theorem mainTheorem10:
  fixes V :: "'v::linorder set" and A :: "('v \<times> 'v) set"
  assumes "finite V"
    and "A \<subseteq> {(i, j). i \<in> V \<and> j \<in> V \<and> i < j}"
    and "\<forall>v\<in>V. \<exists>u\<in>V. (v, u) \<in> A \<or> (u, v) \<in> A"
  shows "(invariants V A :: ('v gbasis \<Rightarrow> 'v gbasis \<Rightarrow> 'k::field_char_0) set)
           = wedge2_center V A
         \<longleftrightarrow> (\<forall>v\<in>V. vdegree V A v \<ge> 2)"
proof -
  interpret ordered_graph V A using assms(1,2) by unfold_locales
  have no_isolated: "\<forall>v\<in>V. \<exists>u. adjacent A v u" using assms(3) unfolding adjacent_def by blast
  show ?thesis
  proof
    assume "\<forall>v\<in>V. vdegree V A v \<ge> 2"
    then show "(invariants V A :: (_ \<Rightarrow> _ \<Rightarrow> 'k) set) = wedge2_center V A"
      using invariants_subset_wedge2_center[OF no_isolated] wedge2_center_subset_invariants
      by blast
  next
    assume eq: "(invariants V A :: (_ \<Rightarrow> _ \<Rightarrow> 'k) set) = wedge2_center V A"
    show "\<forall>v\<in>V. vdegree V A v \<ge> 2"
    proof (rule ccontr)
      assume "\<not> (\<forall>v\<in>V. vdegree V A v \<ge> 2)"
      then obtain v u where v: "v \<in> V" "vdegree V A v < 2" "adjacent A v u"
        using no_isolated by (meson not_le)
      obtain e1 e2 where "(e1, e2) \<in> A"
        "\<And>i j. (i, j) \<in> A \<Longrightarrow> i = v \<or> j = v \<Longrightarrow> i = e1 \<and> j = e2"
        using leaf_unique_edge[OF v] by blast
      then have "(wedge (Vert v) (Edge e1 e2) :: _ \<Rightarrow> _ \<Rightarrow> 'k) \<in> invariants V A"
        by (intro wedge_leaf_invariant[OF v(1)])
      then show False
        using eq wedge_Vert_Edge_notin_wedge2_center[of v e1 e2 V A, where 'k = 'k] by simp
    qed
  qed
qed

end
------
AIM OF THE TASK: Say how many lines above include "assms". The number alone is the answer.

ANSWER TO THE EXERCISE: 2